The secrecy of our central bank has long been a source of controversy. In line with changes at central banks in other countries over recent decades, the Fed’s chairman, Ben Bernanke, has pushed for more transparency regarding how individual members of the Federal Open Market Committee view the economy — and thus how they are thinking about the future course of interest rates (and the Fed keeps us posted). This is a commendable change, helping people throughout the economy understand what the Fed is trying to do and why.

Under pressure from both left and right — consider the unlikely alliance of Senator Bernard Sanders of Vermont and Representative Ron Paul of Texas — the Fed has also, after the fact, disclosed more of its actions during the recent financial crisis.

But in terms of its process for determining financial-sector regulation, the Federal Reserve — at least at the level of the Board of Governors in Washington — is moving in the wrong direction.

Fed officials do testify frequently before Congress — 11 times last year on regulatory and supervisory matters, by the Fed’s count.

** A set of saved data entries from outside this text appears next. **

(* Let $P = \{\boldsymbol{p}_1, \dots, \boldsymbol{p}_N\} \subset [0,1)^d$ be a $(t,m,d)$-net in base $b$. Let $\boldsymbol{\sigma}=(\sigma_1,\ldots,\sigma_d)$ be a $d$-tuple of mutually independent random $b$-ary scramblings of depth $\ell = m-t$, each of the form $$\sigma(x) = \sum_{j=1}^{\ell} \pi_{\xi_1,\ldots,\xi_{j-1}}(\xi_j) b^{-j} + y_x b^{-\ell},$$ where for each $j\in [1..d]$ all random permutations employed by $\sigma_j$ have single-fold uniformity and all families of random permutations that scramble different digits are mutually independent. Then $(\boldsymbol{\sigma}(\boldsymbol{p}_i))_{i=1}^N$, with $\boldsymbol{\sigma}(\boldsymbol{p}) := (\sigma_1(p_1), \ldots, \sigma_d(p_d))$, is an abstract scrambled $(t,m,d)$-net in base $b$. The statement holds, in particular, if each $\sigma_j$, $j=1,\ldots,d$, is a nested or positional (i) uniform or (ii) linear or (iii) digit shift $b$-ary random scrambling of depth $m-t$, or an affine matrix $b$-ary random scrambling of depth $m-t$.
   Context: Fix integers $d,b\ge 2$, $m\ge t\ge 0$, $N=b^m$. An elementary interval in base $b$ of order $m-t$ is a set $\prod_{i=1}^d [k_i b^{-\ell_i},(k_i+1)b^{-\ell_i})\subseteq[0,1)^d$ with nonnegative integers $\ell_i$, $k_i<b^{\ell_i}$, of volume $b^{-(m-t)}$. An $N$-point multiset in $[0,1)^d$ is a $(t,m,d)$-net in base $b$ if every elementary interval in base $b$ of order $m-t$ contains exactly $b^t$ of its points. A basic cube is a set $\prod_{j=1}^d [k_j b^{-(m-t)},(k_j+1)b^{-(m-t)})$ with $k_j\in[0..b^{m-t}-1]$. A tuple ${\bf Y}=(Y_i)_{i=1}^N$ of random points in $[0,1)^d$ is an abstract scrambled $(t,m,d)$-net in base $b$ if (i) with probability one it is a $(t,m,d)$-net in base $b$; (ii) for each $i$ and each basic cube $C$, ${\mathbb{P}}(Y_i\in C)=b^{-d(m-t)}$; (iii) for all measurable $M\subseteq[0,1)^d$, all $\emptyset\ne J\subseteq[1..N]$ and all families of basic cubes $(C_j)_{j\in J}$ with ${\mathbb{P}}(\forall j\in J: Y_j\in C_j)>0$, ${\mathbb{P}}(\forall j\in J: Y_j\in M \mid \forall j\in J: Y_j\in C_j)=\prod_{j\in J}\lambda^d(M\cap C_j)/\lambda^d(C_j)$. In the scrambling formula, $x=\sum_{j\ge1}\xi_j b^{-j}$ is the $b$-ary expansion of $x\in[0,1)$ (with infinitely many digits $\xi_j\ne b-1$), each $\pi_{\xi_1,\ldots,\xi_{j-1}}$ is a random permutation of $\{0,1,\ldots,b-1\}$ (which may depend on the first $j-1$ digits of $x$), and when mapping a finite multiset $(x^{(n)})_{n=1}^N$ the values $y_{x^{(n)}}\in[0,1)$ are chosen uniformly at random and independently for distinct $n$ (even if $x^{(i)}=x^{(j)}$). A random permutation $\pi$ of $\{0,\ldots,b-1\}$ has single-fold uniformity if ${\mathbb{P}}(\pi(i)=j)=1/b$ for all $i,j$. Nested scrambling: the permutation for digit $j$ depends on all previous digits $\xi_1,\ldots,\xi_{j-1}$, all permutations chosen independently; positional scrambling: one permutation $\pi_j$ per digit position $j$, independent of previous digits. "Uniform", "linear", "digit shift" mean the permutations are drawn uniformly from all permutations, all linear permutations, or all digital shifts of $\{0,\ldots,b-1\}$, respectively. Affine matrix scrambling of depth $\ell$: for $k=1,\ldots,\ell$ the $k$th digit of $\sigma(x)$ is $h_{k,k}\xi_k+\sum_{j<k}h_{k,j}\xi_j+g_k$ (mod $b$), with $h_{k,k}\in\{1,\ldots,b-1\}$, $h_{k,j},g_k\in\{0,\ldots,b-1\}$ uniform and mutually independent. *)

theory Defs
  imports "HOL-Probability.Probability"
begin

text \<open>The j-th b-ary digit (j >= 1) of x in [0,1), taken from the expansion with
  infinitely many digits different from b-1 (i.e. the greedy expansion).\<close>
definition digit :: "nat \<Rightarrow> real \<Rightarrow> nat \<Rightarrow> nat" where
  "digit b x j = nat (\<lfloor>x * real b ^ j\<rfloor> mod int b)"

definition digit_prefix :: "nat \<Rightarrow> real \<Rightarrow> nat \<Rightarrow> nat list" where
  "digit_prefix b x j = map (digit b x) [1..<Suc j]"

definition scramble :: "nat \<Rightarrow> nat \<Rightarrow> (nat list \<Rightarrow> nat \<Rightarrow> nat) \<Rightarrow> real \<Rightarrow> real \<Rightarrow> real" where
  "scramble b l \<pi> y x =
     (\<Sum>j=1..l. real (\<pi> (digit_prefix b x (j - 1)) (digit b x j)) / real b ^ j) + y / real b ^ l"

definition unit_cube :: "(real ^ 'd) set" where
  "unit_cube = {x. \<forall>i. 0 \<le> x $ i \<and> x $ i < 1}"

definition elem_box :: "nat \<Rightarrow> ('d \<Rightarrow> nat) \<Rightarrow> ('d \<Rightarrow> nat) \<Rightarrow> (real ^ 'd) set" where
  "elem_box b l k = {x. \<forall>i. real (k i) / real b ^ l i \<le> x $ i \<and> x $ i < (real (k i) + 1) / real b ^ l i}"

definition elementary_interval :: "nat \<Rightarrow> nat \<Rightarrow> (real ^ 'd) set \<Rightarrow> bool" where
  "elementary_interval b r E \<longleftrightarrow>
     (\<exists>l k. (\<forall>i. k i < b ^ l i) \<and> (\<Sum>i\<in>UNIV. l i) = r \<and> E = elem_box b l k)"

definition is_net :: "nat \<Rightarrow> nat \<Rightarrow> nat \<Rightarrow> (nat \<Rightarrow> real ^ 'd) \<Rightarrow> bool" where
  "is_net b t m P \<longleftrightarrow>
     (\<forall>i<b ^ m. P i \<in> unit_cube) \<and>
     (\<forall>E. elementary_interval b (m - t) E \<longrightarrow> card {i\<in>{..<b ^ m}. P i \<in> E} = b ^ t)"

definition basic_cube :: "nat \<Rightarrow> nat \<Rightarrow> nat \<Rightarrow> (real ^ 'd) set \<Rightarrow> bool" where
  "basic_cube b t m C \<longleftrightarrow> (\<exists>k. (\<forall>i. k i < b ^ (m - t)) \<and> C = elem_box b (\<lambda>_. m - t) k)"

definition abstract_scrambled_net ::
    "'a measure \<Rightarrow> nat \<Rightarrow> nat \<Rightarrow> nat \<Rightarrow> (nat \<Rightarrow> 'a \<Rightarrow> real ^ 'd) \<Rightarrow> bool" where
  "abstract_scrambled_net M b t m Y \<longleftrightarrow>
     (\<forall>i<b ^ m. Y i \<in> borel_measurable M \<and> (\<forall>\<omega>\<in>space M. Y i \<omega> \<in> unit_cube)) \<and>
     (AE \<omega> in M. is_net b t m (\<lambda>i. Y i \<omega>)) \<and>
     (\<forall>i<b ^ m. \<forall>C. basic_cube b t m C \<longrightarrow>
        measure M {\<omega>\<in>space M. Y i \<omega> \<in> C} = 1 / real b ^ (CARD('d) * (m - t))) \<and>
     (\<forall>A\<in>sets lborel. \<forall>J C. J \<noteq> {} \<longrightarrow> J \<subseteq> {..<b ^ m} \<longrightarrow>
        (\<forall>j\<in>J. basic_cube b t m (C j)) \<longrightarrow>
        measure M {\<omega>\<in>space M. \<forall>j\<in>J. Y j \<omega> \<in> C j} > 0 \<longrightarrow>
        measure M {\<omega>\<in>space M. \<forall>j\<in>J. Y j \<omega> \<in> A \<inter> C j}
          / measure M {\<omega>\<in>space M. \<forall>j\<in>J. Y j \<omega> \<in> C j}
        = (\<Prod>j\<in>J. measure lborel (A \<inter> C j) / measure lborel (C j)))"

text \<open>The family of permutations used for digit j+1 (i.e. indexed by prefixes of length j),
  restricted to the relevant finite domain (digit prefixes over {0..b-1}, arguments < b).\<close>
definition perm_family :: "nat \<Rightarrow> (nat list \<Rightarrow> nat \<Rightarrow> nat) \<Rightarrow> nat \<Rightarrow> nat list \<Rightarrow> nat \<Rightarrow> nat" where
  "perm_family b \<pi> j = (\<lambda>p i. if length p = j \<and> set p \<subseteq> {..<b} \<and> i < b then \<pi> p i else 0)"

end

(*
  A scrambling of depth l acts on the first L <= l digits of x as a bijection of the digit
  strings of length L, so it maps every b-adic interval of level L onto a b-adic interval of
  the same level.  Coordinatewise, elementary intervals of order m - t are mapped onto
  elementary intervals of order m - t, and the net property holds for every outcome.

  The event that Y_i lies in a fixed basic cube says that, for every coordinate k and digit
  position j < m - t, the permutation used at position j maps the j-th digit of p_i to a
  prescribed digit.  These d(m - t) events are independent and have probability 1/b each.

  Given that the points Y_j (j in J) lie in fixed basic cubes, an event that depends on the
  permutations only, each Y_j is the corner of its cube plus b^-(m-t) times the vector
  (y_1 j, ..., y_d j).  These vectors are independent of the permutations and of each other
  and uniformly distributed on [0,1)^d, which yields the conditional uniformity.
*)

theory Submission
  imports Defs
begin

section \<open>b-adic digit strings\<close>

definition digit_strings :: "nat \<Rightarrow> nat \<Rightarrow> nat list set" where
  "digit_strings b n = {xs. length xs = n \<and> set xs \<subseteq> {..<b}}"

lemma digit_strings_0 [simp]: "digit_strings b 0 = {[]}"
  by (auto simp: digit_strings_def)

lemma snoc_in_digit_strings_Suc [simp]:
  "xs @ [d] \<in> digit_strings b (Suc n) \<longleftrightarrow> xs \<in> digit_strings b n \<and> d < b"
  by (auto simp: digit_strings_def)

lemma digit_strings_SucE:
  assumes "ys \<in> digit_strings b (Suc n)"
  obtains xs d where "ys = xs @ [d]" "xs \<in> digit_strings b n" "d < b"
  using assms by (cases ys rule: rev_exhaust) (auto simp: digit_strings_def)

lemma take_in_digit_strings: "xs \<in> digit_strings b n \<Longrightarrow> L \<le> n \<Longrightarrow> take L xs \<in> digit_strings b L"
  by (auto simp: digit_strings_def dest: in_set_takeD)

lemma nth_digit_strings_less: "xs \<in> digit_strings b n \<Longrightarrow> j < n \<Longrightarrow> xs ! j < b"
  using nth_mem by (fastforce simp: digit_strings_def)

definition nat_of_digits :: "nat \<Rightarrow> nat list \<Rightarrow> nat" where
  "nat_of_digits b xs = foldl (\<lambda>a d. a * b + d) 0 xs"

lemma nat_of_digits_Nil [simp]: "nat_of_digits b [] = 0"
  by (simp add: nat_of_digits_def)

lemma nat_of_digits_snoc [simp]: "nat_of_digits b (xs @ [d]) = nat_of_digits b xs * b + d"
  by (simp add: nat_of_digits_def)

lemma nat_of_digits_append:
  "nat_of_digits b (xs @ ys) = nat_of_digits b xs * b ^ length ys + nat_of_digits b ys"
  by (induction ys rule: rev_induct) (simp_all add: algebra_simps flip: append_assoc)

lemma nat_of_digits_less: "xs \<in> digit_strings b n \<Longrightarrow> nat_of_digits b xs < b ^ n"
proof (induction n arbitrary: xs)
  case (Suc n)
  then obtain xs' d where xs: "xs = xs' @ [d]" "xs' \<in> digit_strings b n" "d < b"
    by (elim digit_strings_SucE)
  then have "nat_of_digits b xs' * b + d < (nat_of_digits b xs' + 1) * b"
    by simp
  also have "\<dots> \<le> b ^ n * b"
    using Suc.IH[OF xs(2)] by (intro mult_right_mono) auto
  finally show ?case
    using xs(1) by (simp add: mult.commute)
qed simp

lemma inj_on_nat_of_digits: "inj_on (nat_of_digits b) (digit_strings b n)"
proof (induction n)
  case (Suc n)
  show ?case
  proof (rule inj_onI)
    fix xs ys assume "xs \<in> digit_strings b (Suc n)" "ys \<in> digit_strings b (Suc n)"
      and eq: "nat_of_digits b xs = nat_of_digits b ys"
    then obtain xs' d ys' e where
      xs: "xs = xs' @ [d]" "xs' \<in> digit_strings b n" "d < b" and
      ys: "ys = ys' @ [e]" "ys' \<in> digit_strings b n" "e < b"
      by (metis digit_strings_SucE)
    have val: "nat_of_digits b xs' * b + d = nat_of_digits b ys' * b + e"
      using eq xs ys by simp
    then have "d = e"
      using arg_cong[OF val, of "\<lambda>n. n mod b"] \<open>d < b\<close> \<open>e < b\<close> by (metis mod_less mod_mult_self3)
    moreover have "nat_of_digits b xs' = nat_of_digits b ys'"
      using val \<open>d < b\<close> calculation by simp
    ultimately show "xs = ys"
      using xs ys inj_onD[OF Suc.IH] by simp
  qed
qed simp

lemma nat_of_digits_surj:
  assumes "b > 0" "K < b ^ n"
  obtains xs where "xs \<in> digit_strings b n" "nat_of_digits b xs = K"
  using assms(2)
proof (induction n arbitrary: K thesis)
  case (Suc n)
  have "K div b < b ^ n"
    using Suc.prems(2) assms(1) by (simp add: div_less_iff_less_mult mult.commute)
  then obtain xs where "xs \<in> digit_strings b n" "nat_of_digits b xs = K div b"
    using Suc.IH by blast
  then show ?case
    using Suc.prems(1)[of "xs @ [K mod b]"] assms(1) by simp
qed simp

definition scramble_digits :: "(nat list \<Rightarrow> nat \<Rightarrow> nat) \<Rightarrow> nat list \<Rightarrow> nat list" where
  "scramble_digits \<pi> xs = map (\<lambda>j. \<pi> (take j xs) (xs ! j)) [0..<length xs]"

lemma scramble_digits_Nil [simp]: "scramble_digits \<pi> [] = []"
  by (simp add: scramble_digits_def)

lemma scramble_digits_snoc [simp]:
  "scramble_digits \<pi> (xs @ [d]) = scramble_digits \<pi> xs @ [\<pi> xs d]"
  by (auto simp: scramble_digits_def nth_append intro!: map_cong)

lemma take_scramble_digits: "take L (scramble_digits \<pi> xs) = scramble_digits \<pi> (take L xs)"
  by (auto simp: scramble_digits_def take_map min_def intro!: map_cong)

definition perm_tree :: "nat \<Rightarrow> nat \<Rightarrow> (nat list \<Rightarrow> nat \<Rightarrow> nat) \<Rightarrow> bool" where
  "perm_tree b l \<pi> \<longleftrightarrow> (\<forall>n<l. \<forall>p\<in>digit_strings b n. bij_betw (\<pi> p) {..<b} {..<b})"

But the Fed’s decision-making process is nowhere near as open and transparent as that of the Federal Deposit Insurance Corporation (about which I wrote recently).

The Wall Street Journal reported on Tuesday that during the 1980s the Fed’s board held 20 to 30 public meetings a year, but these dwindled during the Greenspan years to fewer than five a year in the 2000s and “only two public meetings since July 2010.” At the same time, “the Fed has taken on a much larger regulatory role than at any time in history” — including “47 separate votes on financial regulations” since July 2010, The Journal said.

This high level of secrecy is a concern. It is particularly alarming when combined with the disproportionate access afforded to industry participants in the arguments about what constitutes sensible financial reform.

Just on the Volcker Rule — the provision in Dodd-Frank to limit proprietary trading and other high-risk activities by megabanks — Fed board members and staff members apparently met with JPMorgan Chase 16 times, Bank of America 10 times, Goldman Sachs nine times, Barclays seven times and Morgan Stanley seven times (as depicted in a chart that accompanies the Wall Street Journal article).

How many meetings does a single company need on one specific issue? How many would you get?